▶ **Input data**

theorem lemma4p1:
  shows "\<exists>(M::nat) (C::real). \<forall>\<epsilon>0 \<phi> R lam \<sigma> \<tau> y w \<theta>1 \<theta>2.
     \<epsilon>0 > 0 \<and> smooth_phase \<phi> \<and> homog1 \<phi> \<and> rank_condition \<epsilon>0 \<phi> \<and> deriv_bounds M \<epsilon>0 \<phi>
     \<and> 1 \<le> R \<and> R \<le> lam
     \<and> dyadic \<sigma> \<and> R powr (-1/2) \<le> \<sigma> \<and> \<sigma> \<le> 1
     \<and> norm \<tau> = 1 \<and> arc \<tau> (inverse \<sigma> * R powr (-1/2)) \<subseteq> ball e2 \<epsilon>0
     \<and> norm \<theta>1 = 1 \<and> arc \<theta>1 (R powr (-1/2)) \<subseteq> arc \<tau> (inverse \<sigma> * R powr (-1/2))
     \<and> norm \<theta>2 = 1 \<and> arc \<theta>2 (R powr (-1/2)) \<subseteq> arc \<tau> (inverse \<sigma> * R powr (-1/2))
     \<and> (1 / lam) *\<^sub>R xt_of y \<in> ball 0 \<epsilon>0
     \<and> w \<in> Theta R \<sigma> \<tau>
     \<longrightarrow> norm (w v* Jac \<phi> lam \<theta>1 y - w v* Jac \<phi> lam \<theta>2 y) \<le> C / R"
proof (intro exI[of _ "3::nat"] exI[of _ "15::real"] allI impI, elim conjE)
  fix \<epsilon>0 \<phi> R lam \<sigma> \<tau> y w \<theta>1 \<theta>2
  assume smooth: "smooth_phase \<phi>" and R: "1 \<le> R" "R \<le> lam"
    and \<theta>: "norm \<theta>1 = 1" "norm \<theta>2 = 1"
    and hyps: "homog1 \<phi>" "deriv_bounds 3 \<epsilon>0 \<phi>" "R powr (-1/2) \<le> \<sigma>"
      "norm \<tau> = 1" "arc \<tau> (inverse \<sigma> * R powr (-1/2)) \<subseteq> ball e2 \<epsilon>0"
      "arc \<theta>1 (R powr (-1/2)) \<subseteq> arc \<tau> (inverse \<sigma> * R powr (-1/2))"
      "arc \<theta>2 (R powr (-1/2)) \<subseteq> arc \<tau> (inverse \<sigma> * R powr (-1/2))"
      "(1 / lam) *\<^sub>R xt_of y \<in> ball 0 \<epsilon>0" "w \<in> Theta R \<sigma> \<tau>"
  have nonzero: "\<theta>1 \<noteq> 0" "\<theta>2 \<noteq> 0" "lam > 0" using \<theta> R by auto
  have component: "\<bar>(w v* Jac \<phi> lam \<theta>1 y - w v* Jac \<phi> lam \<theta>2 y) $ k\<bar> \<le> 5 / R" for k
    using Jac_row_nth[OF smooth nonzero(1,3)] Jac_row_nth[OF smooth nonzero(2,3)]
      inner_Theta_grad_eta_difference_le[OF smooth hyps(1,2) R(1) hyps(3-5) \<theta>(1) hyps(6)
        \<theta>(2) hyps(7-9) xt_of_axis_in_Basis snd_conv]
    by (auto simp: inner_diff_right)
  have "norm (w v* Jac \<phi> lam \<theta>1 y - w v* Jac \<phi> lam \<theta>2 y)
      \<le> (\<Sum>k\<in>UNIV. \<bar>(w v* Jac \<phi> lam \<theta>1 y - w v* Jac \<phi> lam \<theta>2 y) $ k\<bar>)"
    by (rule norm_le_l1_cart)
  also have "\<dots> \<le> (\<Sum>k\<in>(UNIV :: 3 set). 5 / R)" by (rule sum_mono) (rule component)
  finally show "norm (w v* Jac \<phi> lam \<theta>1 y - w v* Jac \<phi> lam \<theta>2 y) \<le> 15 / R" by simp
qed

end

▶ **Task goal**
Extract exactly and only the lines above from the line containing "1 \<and> arc \<tau>" through the line containing "proof (intro exI[of", both end lines included.

▶ **Written answer**
     \<and> norm \<tau> = 1 \<and> arc \<tau> (inverse \<sigma> * R powr (-1/2)) \<subseteq> ball e2 \<epsilon>0
     \<and> norm \<theta>1 = 1 \<and> arc \<theta>1 (R powr (-1/2)) \<subseteq> arc \<tau> (inverse \<sigma> * R powr (-1/2))
     \<and> norm \<theta>2 = 1 \<and> arc \<theta>2 (R powr (-1/2)) \<subseteq> arc \<tau> (inverse \<sigma> * R powr (-1/2))
     \<and> (1 / lam) *\<^sub>R xt_of y \<in> ball 0 \<epsilon>0
     \<and> w \<in> Theta R \<sigma> \<tau>
     \<longrightarrow> norm (w v* Jac \<phi> lam \<theta>1 y - w v* Jac \<phi> lam \<theta>2 y) \<le> C / R"
proof (intro exI[of _ "3::nat"] exI[of _ "15::real"] allI impI, elim conjE)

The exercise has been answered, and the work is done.